In particular, the General Index closed with gains of 1.03% at 908.08 points, while today it moved between 902.02 points and 908.12 points. The turnover amounted to 47 million euros and the volume to 18.4 million units, while 4.2 million units were traded through pre-agreed transactions.

The high capitalization index closed with an increase of 0.93%, at 2,180.98 points, while at + 0.50% Mid Cap completed the transactions at 1,513.08 points. The banking index closed with marginal losses of 0.01% at 576.76 points.

The stock of Coca Cola put its “back” for the second time in ten days in order to “detach” the General Index from the sideways movement of caution. Today, it was the turn of 900 points to “fall” in the battle of the index stock, which overcame, though not convincingly, the resistance of 905 points.

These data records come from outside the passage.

lemma bracketed_has_integral:
  fixes f r :: "real \<Rightarrow> real"
  assumes "antimono r" "a \<le> b"
    and bracket: "\<And>x y. a \<le> x \<Longrightarrow> x \<le> y \<Longrightarrow> y \<le> b \<Longrightarrow>
      (y - x) * r y \<le> f y - f x \<and> f y - f x \<le> (y - x) * r x"
  shows "(r has_integral f b - f a) {a..b}"
proof -
  note int = antimono_integrable_on[OF \<open>antimono r\<close>]
  define F where "F y = integral {a..y} r" for y
  have "\<bar>(f y - F y) - (f x - F x)\<bar> \<le> (r x - r y) * (y - x)" if "a \<le> x" "x \<le> y" "y \<le> b" for x y
  proof -
    have "F y - F x = integral {x..y} r"
      using Henstock_Kurzweil_Integration.integral_combine[of a x y r] int that by (simp add: F_def)
    moreover have "integral {x..y} (\<lambda>_. r y) \<le> integral {x..y} r" "integral {x..y} r \<le> integral {x..y} (\<lambda>_. r x)"
      using \<open>antimono r\<close> int by (intro integral_le; force dest: antimonoD)+
    ultimately have "(y - x) * r y \<le> F y - F x" "F y - F x \<le> (y - x) * r x"
      using that by simp_all
    moreover have "(r x - r y) * (y - x) = (y - x) * r x - (y - x) * r y"
      by (simp add: algebra_simps)
    ultimately show ?thesis using bracket[OF that] unfolding abs_le_iff by linarith
  qed
  then have "f b - F b = f a - F a" by (rule eq_if_increments_bounded[OF \<open>a \<le> b\<close>])
  then have "integral {a..b} r = f b - f a" by (simp add: F_def)
  then show ?thesis
    using integrable_integral[OF int] by metis
qed

section \<open>Densities of the sections\<close>

lemma M2_section_concave:
  assumes "L \<in> M2" "0 \<le> x"
  shows "concave_on {0..} (L x)"
  using lipschitz_on_continuous_on[OF M2_section_lipschitz[OF assms]] M2_section_dilation[OF assms]
  by (rule concave_on_if_dilation_slopes)

lemma M2_section_density:
  assumes "L \<in> M2" "0 \<le> x"
  obtains r E where "antimono r" "\<And>t. 0 \<le> r t \<and> r t \<le> 1" "countable E"
    "\<And>t. 0 < t \<Longrightarrow> t \<notin> E \<Longrightarrow> deriv (L x) t = r t"
    "\<And>T. 0 \<le> T \<Longrightarrow> (r has_integral L x T) {0..T}"
proof -
  obtain r where r: "antimono r" "\<And>t. 0 \<le> r t \<and> r t \<le> 1"
    and bracket: "\<And>y z. 0 \<le> y \<Longrightarrow> y \<le> z \<Longrightarrow>
      (z - y) * r z \<le> L x z - L x y \<and> L x z - L x y \<le> (z - y) * r y"
    using concave_on_bracketing_slope[OF M2_section_concave[OF assms] M2_increment_right[OF assms]]
    by blast
  have "countable {t. \<not> isCont (\<lambda>t. - r t) t}"
    using \<open>antimono r\<close> by (intro mono_ctble_discont) (auto simp: mono_def antimono_def)
  then have "countable {t. \<not> isCont r t}"
    by (rule countable_subset[rotated]) (auto dest: isCont_minus[where f = "\<lambda>t. - r t"])
  then show ?thesis
  proof (rule that[OF r])
    show "deriv (L x) t = r t" if "0 < t" "t \<notin> {t. \<not> isCont r t}" for t
      using bracketed_has_real_derivative[OF bracket] that by (intro DERIV_imp_deriv) auto
    show "(r has_integral L x T) {0..T}" if "0 \<le> T" for T
      using bracketed_has_integral[OF r(1) that, of "L x"] bracket M2_zero_right[OF assms] by simp
  qed
qed

section \<open>Integrals against a nonincreasing weight\<close>

lemma antimono_borel_measurable_lebesgue:
  fixes q :: "real \<Rightarrow> real"
  assumes "antimono q"
  shows "q \<in> borel_measurable lebesgue"
proof -
  have "mono (\<lambda>t. - q t)" using assms by (auto simp: mono_def antimono_def)
  then have "(\<lambda>t. - (- q t)) \<in> borel_measurable borel"
    by (intro borel_measurable_uminus borel_measurable_mono)
  then have "q \<in> borel_measurable lborel" by simp
  then show ?thesis by (rule measurable_completion)
qed

lemma set_integral_if_has_integral_nonneg:
  fixes r :: "real \<Rightarrow> real"
  assumes "(r has_integral I) S" "\<And>t. t \<in> S \<Longrightarrow> 0 \<le> r t"
  shows "set_integrable lebesgue S r" "(LINT t:S|lebesgue. r t) = I"
proof -
  show int: "set_integrable lebesgue S r"
    using assms by (intro nonnegative_absolutely_integrable_1) auto
  show "(LINT t:S|lebesgue. r t) = I"
    using set_lebesgue_integral_eq_integral(2)[OF int] integral_unique[OF assms(1)] by simp
qed

lemma set_integrable_Ici_if_bounded_integrals:
  fixes r :: "real \<Rightarrow> real"
  assumes nonneg: "\<And>t. a \<le> t \<Longrightarrow> 0 \<le> r t"
    and int: "\<And>T. r integrable_on {a..T}"
    and bound: "\<And>T. a \<le> T \<Longrightarrow> integral {a..T} r \<le> B"
  shows "set_integrable lebesgue {a..} r"
proof -
  define f where "f k t = (if t \<in> {..real k} then r t else 0)" for k :: nat and t
  have integral_f: "integral {a..} (f k) = integral {a..real k} r" for k
    unfolding f_def integral_restrict_Int by (simp add: Int_commute atLeastAtMost_def)
  have "r integrable_on {a..}"
  proof (rule monotone_convergence_increasing[THEN conjunct1])
    show "f k integrable_on {a..}" for k
      unfolding f_def integrable_restrict_Int using int by (simp add: Int_commute atLeastAtMost_def)
    show "f k t \<le> f (Suc k) t" if "t \<in> {a..}" for k t
      using nonneg that by (auto simp: f_def)
    show "(\<lambda>k. f k t) \<longlonglongrightarrow> r t" for t
    proof (rule tendsto_eventually)
      show "eventually (\<lambda>k. f k t = r t) sequentially"
        using eventually_ge_at_top[of "nat \<lceil>t\<rceil>"]
        by eventually_elim (use real_nat_ceiling_ge[of t] in \<open>auto simp: f_def\<close>)
    qed
    have "norm (integral {a..} (f k)) \<le> B" for k
    proof (cases "a \<le> real k")
      case True
      then show ?thesis
        using bound[OF True] Henstock_Kurzweil_Integration.integral_nonneg[OF int, of "real k"] nonneg
        by (simp add: integral_f)
    next
      case False
      then show ?thesis using bound[of a] by (simp add: integral_f)
    qed
    then show "bounded (range (\<lambda>k. integral {a..} (f k)))"
      by (auto simp: bounded_iff)
  qed
  then show ?thesis
    using nonneg by (intro nonnegative_absolutely_integrable_1) auto
qed

lemma set_integrable_mult_bounded:
  fixes f g :: "'a \<Rightarrow> real"
  assumes f: "set_integrable M A f" and g: "g \<in> borel_measurable M" "\<And>x. \<bar>g x\<bar> \<le> 1"
  shows "set_integrable M A (\<lambda>x. f x * g x)"
proof (rule set_integrable_bound[OF f])
  have "(\<lambda>x. indicator A x *\<^sub>R f x) \<in> borel_measurable M"
    using f unfolding set_integrable_def by (rule borel_measurable_integrable)
  then have "(\<lambda>x. (indicator A x *\<^sub>R f x) * g x) \<in> borel_measurable M"
    using g(1) by measurable
  then show "set_borel_measurable M A (\<lambda>x. f x * g x)"
    unfolding set_borel_measurable_def by (simp add: mult.assoc)
  show "AE x in M. x \<in> A \<longrightarrow> norm (f x * g x) \<le> norm (f x)"
    using g(2) by (auto simp: abs_mult intro!: mult_left_le)
qed

lemma set_borel_measurable_if_set_integrable:
  "set_integrable M A f \<Longrightarrow> set_borel_measurable M A f"
  unfolding set_integrable_def set_borel_measurable_def by (rule borel_measurable_integrable)

lemma set_integral_initial_segment_le:
  fixes r1 r2 :: "real \<Rightarrow> real"
  assumes int: "set_integrable lebesgue {0..} r1" "set_integrable lebesgue {0..} r2"
    and le: "\<And>T. 0 \<le> T \<Longrightarrow> (LINT t:{0..T}|lebesgue. r1 t) \<le> (LINT t:{0..T}|lebesgue. r2 t)"
    and S: "S \<in> sets lebesgue" "S \<subseteq> {0..}" "\<And>s t. t \<in> S \<Longrightarrow> 0 \<le> s \<Longrightarrow> s \<le> t \<Longrightarrow> s \<in> S"
  shows "(LINT t:S|lebesgue. r1 t) \<le> (LINT t:S|lebesgue. r2 t)"
proof (cases "S = {0..}")
  case True
  have "((\<lambda>T. LINT t:{0..T}|lebesgue. r t) \<longlongrightarrow> (LINT t:{0..}|lebesgue. r t)) at_top"
    if "set_integrable lebesgue {0..} r" for r :: "real \<Rightarrow> real"
    using that by (intro tendsto_set_lebesgue_integral_at_top) auto
  moreover have "eventually (\<lambda>T. (LINT t:{0..T}|lebesgue. r1 t) \<le> (LINT t:{0..T}|lebesgue. r2 t)) at_top"
    using eventually_ge_at_top[of 0] by eventually_elim (rule le)
  ultimately show ?thesis
    using tendsto_le[OF trivial_limit_at_top_linorder] int True by blast
next
  case False
  then obtain t1 where "0 \<le> t1" "t1 \<notin> S" using S(2) by auto
  then have bdd: "bdd_above S" using S(3) by (intro bdd_aboveI[of _ t1]) (meson linear)
  show ?thesis
  proof (cases "S = {}")
    case False
    define \<tau> where "\<tau> = Sup S"
    have "0 \<le> \<tau>" using False S(2) cSup_upper[OF _ bdd] unfolding \<tau>_def by force
    have "AE t in lebesgue. t \<noteq> \<tau>"
      by (rule AE_not_in[of "{\<tau>}", simplified]) (simp add: negligible_iff_null_sets[symmetric])
    then have "AE t in lebesgue. t \<in> S \<longleftrightarrow> t \<in> {0..\<tau>}"
    proof eventually_elim
      case (elim t)
      have "t \<in> S" if "0 \<le> t" "t < \<tau>"
        using less_cSup_iff[OF \<open>S \<noteq> {}\<close> bdd, of t] S(3) that unfolding \<tau>_def by force
      then show ?case using elim S(2) cSup_upper[OF _ bdd, of t] unfolding \<tau>_def by force
    qed
    then have "(LINT t:S|lebesgue. r t) = (LINT t:{0..\<tau>}|lebesgue. r t)"
      if "set_integrable lebesgue {0..} r" for r :: "real \<Rightarrow> real"
      using that S(1,2) set_integrable_subset[OF that]
      by (intro set_integral_cong_set set_borel_measurable_if_set_integrable) auto
    then show ?thesis using le[OF \<open>0 \<le> \<tau>\<close>] int by simp
  qed (simp add: set_lebesgue_integral_def)
qed

lemma floor_eq_sum_of_bool:
  fixes y :: real
  assumes "0 \<le> y" "y \<le> real n"
  shows "real_of_int \<lfloor>y\<rfloor> = (\<Sum>k = 1..n. of_bool (real k \<le> y))"
proof -
  have "{1..n} \<inter> {k. real k \<le> y} = {1..nat \<lfloor>y\<rfloor>}"
  proof (intro set_eqI iffI)
    fix k assume "k \<in> {1..nat \<lfloor>y\<rfloor>}"
    moreover from this have "real k \<le> y"
      using of_nat_floor[OF assms(1)] by (auto intro: order_trans[of _ "real (nat \<lfloor>y\<rfloor>)"])
    ultimately show "k \<in> {1..n} \<inter> {k. real k \<le> y}" using assms(2) by auto
  qed (auto intro: le_nat_floor)
  then show ?thesis using assms by simp
qed

lemma nonneg_superlevel_set_sets_lebesgue:
  fixes q :: "real \<Rightarrow> real"
  assumes "q \<in> borel_measurable lebesgue"
  shows "{t. 0 \<le> t \<and> c \<le> q t} \<in> sets lebesgue"
proof -
  have "{0::real..} \<in> sets lebesgue" by (rule sets_completionI_sets) simp
  moreover have "q -` {c..} \<inter> space lebesgue \<in> sets lebesgue"
    by (rule measurable_sets[OF assms]) simp
  moreover have "{t. 0 \<le> t \<and> c \<le> q t} = {0..} \<inter> (q -` {c..} \<inter> space lebesgue)"
    by auto
  ultimately show ?thesis by (simp only: sets.Int)
qed

lemma set_integral_floor_staircase:
  fixes r q :: "real \<Rightarrow> real" and n :: nat
  assumes "0 < n" and int: "set_integrable lebesgue {0..} r"
    and q: "q \<in> borel_measurable lebesgue" "\<And>t. 0 \<le> q t \<and> q t \<le> 1"
  shows "(LINT t:{0..}|lebesgue. r t * (\<lfloor>real n * q t\<rfloor> / real n)) =
    (\<Sum>k = 1..n. LINT t:{t. 0 \<le> t \<and> real k / real n \<le> q t}|lebesgue. r t) / real n"
proof -
  define S where "S k = {t. 0 \<le> t \<and> real k / real n \<le> q t}" for k :: nat
  have "S k \<in> sets lebesgue" for k
    unfolding S_def by (rule nonneg_superlevel_set_sets_lebesgue[OF q(1)])
  then have int_S: "integrable lebesgue (\<lambda>t. indicator (S k) t * r t)" for k
    using set_integrable_subset[OF int] unfolding set_integrable_def by (auto simp: S_def)
  have stair: "indicator {0..} t * (r t * (\<lfloor>real n * q t\<rfloor> / real n)) =
      (\<Sum>k = 1..n. indicator (S k) t * r t) / real n" for t
  proof (cases "0 \<le> t")
    case True
    have "real k \<le> real n * q t \<longleftrightarrow> t \<in> S k" for k
      using True \<open>0 < n\<close> by (simp add: S_def pos_divide_le_eq mult.commute)
    moreover have "real n * q t \<le> real n" using q(2)[of t] by (simp add: mult_left_le)
    ultimately have "real_of_int \<lfloor>real n * q t\<rfloor> = (\<Sum>k = 1..n. indicator (S k) t)"
      using floor_eq_sum_of_bool[of "real n * q t" n] q(2)[of t] by (simp add: indicator_def)
    moreover have "r t * (\<Sum>k = 1..n. indicator (S k) t) = (\<Sum>k = 1..n. indicator (S k) t * r t)"
      by (simp only: sum_distrib_left mult.commute)
    ultimately show ?thesis using True by (simp only: indicator_simps atLeast_iff mult_1 times_divide_eq_right)
  qed (simp add: S_def)
  have "(LINT t:{0..}|lebesgue. r t * (\<lfloor>real n * q t\<rfloor> / real n)) =
      (LINT t|lebesgue. (\<Sum>k = 1..n. indicator (S k) t * r t) / real n)"
    by (simp only: set_lebesgue_integral_def real_scaleR_def stair)
  also have "\<dots> = (\<Sum>k = 1..n. LINT t|lebesgue. indicator (S k) t * r t) / real n"
    by (simp only: integral_divide_zero Bochner_Integration.integral_sum[OF int_S])
  also have "\<dots> = (\<Sum>k = 1..n. LINT t:S k|lebesgue. r t) / real n"
    by (simp only: set_lebesgue_integral_def real_scaleR_def)
  finally show ?thesis by (simp only: S_def)
qed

But what worries the ATHEX is that although there are important and serious catalysts to penetrate the ceiling of accumulation, buyers are very cautious when the General Index moves above 900 points. That is, it is in this critical period that most market expectations have been dashed, and not just once.

Of course, the estimate that seems to be taking a lot of chances lately is that the accumulation has already lasted many weeks, 44 in number, with the range gradually shrinking, which usually leads to an outbreak. If this is positive or negative … the pandemic will show it.

Wait for at least next week

As stock market sources point out in Capital.gr, the market is not going to show its real intentions this week, as it will expect to see both the epidemiological picture of the country and the precursors of economic activity in the critical fourth quarter of last year. The first catalyst will decide if new restrictive measures are taken to control the pandemic, while the second catalyst may judge Fitch on January 14.

Regarding the first catalyst, however, sources of Capital.gr at the Ministry of Finance insist on their firm position that “2022 will not be 2021″, ie there is no thought of a new general lockdown in the economy. Regarding the second catalyst, Dim. Trigas of Beta Securities, reminds that as long as the forecasts for GDP growth continue, borrowing costs remain low and NPLs shrink significantly, Greece may be in the investment grade earlier than expected 2023 and the Greek Stock Exchange can see with ” smaller diameter binoculars “1,000 units!

On the board

On the board now, Coca Cola closed with gains of 4.84%, with Lambda, Jumbo and Aegean following with an increase that exceeded 2% and OTE, Quest, Titan and OPAP with an increase of more than 1%. GEK Terna, EYDAP, IPTO, Eurobank, Motor Oil, Hellenic Petroleum, Ethniki, ELHA, Piraeus and Viohalko closed slightly higher.

On the other hand, the pressures were located mainly in Mytilineos, Ellactor and PPA, which recorded losses of more than 1%, while PPC, Alpha Bank, Sarantis and Terna Energeiaki closed slightly down.